Records drawn from a dataset:
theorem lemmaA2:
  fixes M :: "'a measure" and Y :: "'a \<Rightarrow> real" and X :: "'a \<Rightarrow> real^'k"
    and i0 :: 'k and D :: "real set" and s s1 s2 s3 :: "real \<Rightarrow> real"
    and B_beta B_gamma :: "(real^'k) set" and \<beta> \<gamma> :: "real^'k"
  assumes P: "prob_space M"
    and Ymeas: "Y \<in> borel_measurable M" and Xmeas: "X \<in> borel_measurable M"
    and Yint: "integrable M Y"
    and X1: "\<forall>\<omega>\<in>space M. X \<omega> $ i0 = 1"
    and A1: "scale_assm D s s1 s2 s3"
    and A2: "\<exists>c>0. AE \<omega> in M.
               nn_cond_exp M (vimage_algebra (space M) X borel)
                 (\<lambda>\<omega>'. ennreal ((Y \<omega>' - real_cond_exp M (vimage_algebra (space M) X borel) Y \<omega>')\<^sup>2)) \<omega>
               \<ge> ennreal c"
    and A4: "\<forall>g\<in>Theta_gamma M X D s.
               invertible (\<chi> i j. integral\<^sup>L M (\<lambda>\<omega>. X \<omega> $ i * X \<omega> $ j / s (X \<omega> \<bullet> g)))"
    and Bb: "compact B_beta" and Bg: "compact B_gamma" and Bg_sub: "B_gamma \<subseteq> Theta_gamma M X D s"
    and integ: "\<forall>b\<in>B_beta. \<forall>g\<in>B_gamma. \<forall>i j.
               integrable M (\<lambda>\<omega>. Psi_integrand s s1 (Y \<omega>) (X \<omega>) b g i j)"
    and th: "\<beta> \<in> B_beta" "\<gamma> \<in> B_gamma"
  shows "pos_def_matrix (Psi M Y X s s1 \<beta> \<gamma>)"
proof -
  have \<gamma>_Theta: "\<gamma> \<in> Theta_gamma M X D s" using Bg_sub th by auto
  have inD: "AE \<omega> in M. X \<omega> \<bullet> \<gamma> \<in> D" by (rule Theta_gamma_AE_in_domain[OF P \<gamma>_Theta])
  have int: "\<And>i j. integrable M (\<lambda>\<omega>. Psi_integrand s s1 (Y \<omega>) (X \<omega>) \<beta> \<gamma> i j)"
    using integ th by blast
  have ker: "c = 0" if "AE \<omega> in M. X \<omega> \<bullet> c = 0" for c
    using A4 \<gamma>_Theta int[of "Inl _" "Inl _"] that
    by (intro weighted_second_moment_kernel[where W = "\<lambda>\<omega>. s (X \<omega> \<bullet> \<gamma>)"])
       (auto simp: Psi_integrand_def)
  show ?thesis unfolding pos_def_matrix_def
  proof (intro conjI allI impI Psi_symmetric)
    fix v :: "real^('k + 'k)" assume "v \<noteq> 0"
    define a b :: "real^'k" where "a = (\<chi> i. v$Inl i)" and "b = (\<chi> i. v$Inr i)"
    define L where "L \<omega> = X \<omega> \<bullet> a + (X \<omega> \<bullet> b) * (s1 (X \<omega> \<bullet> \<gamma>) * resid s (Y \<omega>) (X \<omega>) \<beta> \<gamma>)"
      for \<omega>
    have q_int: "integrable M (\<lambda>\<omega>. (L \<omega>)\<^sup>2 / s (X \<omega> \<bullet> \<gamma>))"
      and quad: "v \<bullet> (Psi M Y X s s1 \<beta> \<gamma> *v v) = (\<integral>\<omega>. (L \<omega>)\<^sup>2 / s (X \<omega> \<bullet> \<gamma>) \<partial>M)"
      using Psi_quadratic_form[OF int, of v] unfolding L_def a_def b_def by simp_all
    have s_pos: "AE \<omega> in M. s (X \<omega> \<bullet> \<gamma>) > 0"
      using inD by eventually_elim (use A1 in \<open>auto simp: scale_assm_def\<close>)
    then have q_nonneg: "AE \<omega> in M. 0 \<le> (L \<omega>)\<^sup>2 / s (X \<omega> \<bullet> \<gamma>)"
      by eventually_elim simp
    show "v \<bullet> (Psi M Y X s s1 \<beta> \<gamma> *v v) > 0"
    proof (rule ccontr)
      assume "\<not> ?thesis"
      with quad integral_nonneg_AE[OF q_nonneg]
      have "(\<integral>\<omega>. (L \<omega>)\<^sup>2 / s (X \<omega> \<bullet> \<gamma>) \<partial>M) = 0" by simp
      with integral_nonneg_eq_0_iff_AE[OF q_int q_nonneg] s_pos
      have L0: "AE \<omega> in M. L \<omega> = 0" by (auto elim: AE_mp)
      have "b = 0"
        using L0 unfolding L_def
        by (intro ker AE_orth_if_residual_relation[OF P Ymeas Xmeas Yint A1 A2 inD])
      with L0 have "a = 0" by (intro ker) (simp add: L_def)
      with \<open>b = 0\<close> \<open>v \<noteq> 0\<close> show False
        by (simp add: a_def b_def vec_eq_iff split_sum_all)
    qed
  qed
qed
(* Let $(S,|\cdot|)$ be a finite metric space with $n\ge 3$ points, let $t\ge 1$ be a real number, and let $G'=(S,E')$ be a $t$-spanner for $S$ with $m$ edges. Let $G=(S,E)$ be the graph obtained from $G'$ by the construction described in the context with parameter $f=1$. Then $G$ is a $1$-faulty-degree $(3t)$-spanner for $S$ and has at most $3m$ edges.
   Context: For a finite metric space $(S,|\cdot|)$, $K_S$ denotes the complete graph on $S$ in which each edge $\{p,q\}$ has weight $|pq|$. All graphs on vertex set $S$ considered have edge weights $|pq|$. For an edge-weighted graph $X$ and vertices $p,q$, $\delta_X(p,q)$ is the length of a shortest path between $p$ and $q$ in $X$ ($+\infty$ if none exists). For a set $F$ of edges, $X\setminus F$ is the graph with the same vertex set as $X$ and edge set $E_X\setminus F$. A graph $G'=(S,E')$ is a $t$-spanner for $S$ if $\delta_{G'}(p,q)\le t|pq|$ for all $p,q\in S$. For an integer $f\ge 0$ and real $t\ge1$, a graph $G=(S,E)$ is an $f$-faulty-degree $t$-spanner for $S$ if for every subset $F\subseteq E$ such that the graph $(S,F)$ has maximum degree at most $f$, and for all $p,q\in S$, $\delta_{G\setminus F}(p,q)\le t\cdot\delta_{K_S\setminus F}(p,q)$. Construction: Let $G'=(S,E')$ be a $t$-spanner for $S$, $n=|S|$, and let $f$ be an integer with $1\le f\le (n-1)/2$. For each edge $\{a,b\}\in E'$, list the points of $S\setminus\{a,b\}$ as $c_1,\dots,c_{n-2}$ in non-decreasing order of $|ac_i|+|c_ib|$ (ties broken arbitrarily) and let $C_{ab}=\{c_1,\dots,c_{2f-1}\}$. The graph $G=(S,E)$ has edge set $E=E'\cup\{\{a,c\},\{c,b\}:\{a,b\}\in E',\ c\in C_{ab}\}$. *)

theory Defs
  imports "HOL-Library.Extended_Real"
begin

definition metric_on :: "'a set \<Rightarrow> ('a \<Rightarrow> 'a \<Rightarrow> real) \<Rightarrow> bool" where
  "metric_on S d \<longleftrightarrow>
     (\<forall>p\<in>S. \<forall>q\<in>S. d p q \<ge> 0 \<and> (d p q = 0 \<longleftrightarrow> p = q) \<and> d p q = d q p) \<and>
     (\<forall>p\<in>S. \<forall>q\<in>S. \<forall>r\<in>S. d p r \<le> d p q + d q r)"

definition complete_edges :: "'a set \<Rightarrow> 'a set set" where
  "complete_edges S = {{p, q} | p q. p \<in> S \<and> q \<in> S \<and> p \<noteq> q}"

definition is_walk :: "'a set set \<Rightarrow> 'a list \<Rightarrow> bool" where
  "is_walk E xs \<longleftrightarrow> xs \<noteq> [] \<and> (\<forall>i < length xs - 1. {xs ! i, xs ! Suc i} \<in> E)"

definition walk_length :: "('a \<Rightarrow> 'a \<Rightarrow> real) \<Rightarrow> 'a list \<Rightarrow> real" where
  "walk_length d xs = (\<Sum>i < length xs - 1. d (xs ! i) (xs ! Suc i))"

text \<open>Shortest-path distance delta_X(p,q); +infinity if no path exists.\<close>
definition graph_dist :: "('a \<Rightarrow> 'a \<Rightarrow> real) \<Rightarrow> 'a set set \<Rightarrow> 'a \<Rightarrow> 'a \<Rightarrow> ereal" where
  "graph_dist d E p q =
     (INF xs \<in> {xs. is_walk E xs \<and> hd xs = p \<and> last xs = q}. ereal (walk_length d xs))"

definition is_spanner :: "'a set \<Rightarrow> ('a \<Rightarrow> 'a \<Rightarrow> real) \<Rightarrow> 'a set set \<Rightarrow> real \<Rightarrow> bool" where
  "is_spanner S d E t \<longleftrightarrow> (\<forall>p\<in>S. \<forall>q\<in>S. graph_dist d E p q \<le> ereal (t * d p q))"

## Action item
Repeat exactly the lines above, starting with the first line of the records and finishing with the line holding "invertible (\<chi> i". Add no other line.

## Exercise output
theorem lemmaA2:
  fixes M :: "'a measure" and Y :: "'a \<Rightarrow> real" and X :: "'a \<Rightarrow> real^'k"
    and i0 :: 'k and D :: "real set" and s s1 s2 s3 :: "real \<Rightarrow> real"
    and B_beta B_gamma :: "(real^'k) set" and \<beta> \<gamma> :: "real^'k"
  assumes P: "prob_space M"
    and Ymeas: "Y \<in> borel_measurable M" and Xmeas: "X \<in> borel_measurable M"
    and Yint: "integrable M Y"
    and X1: "\<forall>\<omega>\<in>space M. X \<omega> $ i0 = 1"
    and A1: "scale_assm D s s1 s2 s3"
    and A2: "\<exists>c>0. AE \<omega> in M.
               nn_cond_exp M (vimage_algebra (space M) X borel)
                 (\<lambda>\<omega>'. ennreal ((Y \<omega>' - real_cond_exp M (vimage_algebra (space M) X borel) Y \<omega>')\<^sup>2)) \<omega>
               \<ge> ennreal c"
    and A4: "\<forall>g\<in>Theta_gamma M X D s.
               invertible (\<chi> i j. integral\<^sup>L M (\<lambda>\<omega>. X \<omega> $ i * X \<omega> $ j / s (X \<omega> \<bullet> g)))"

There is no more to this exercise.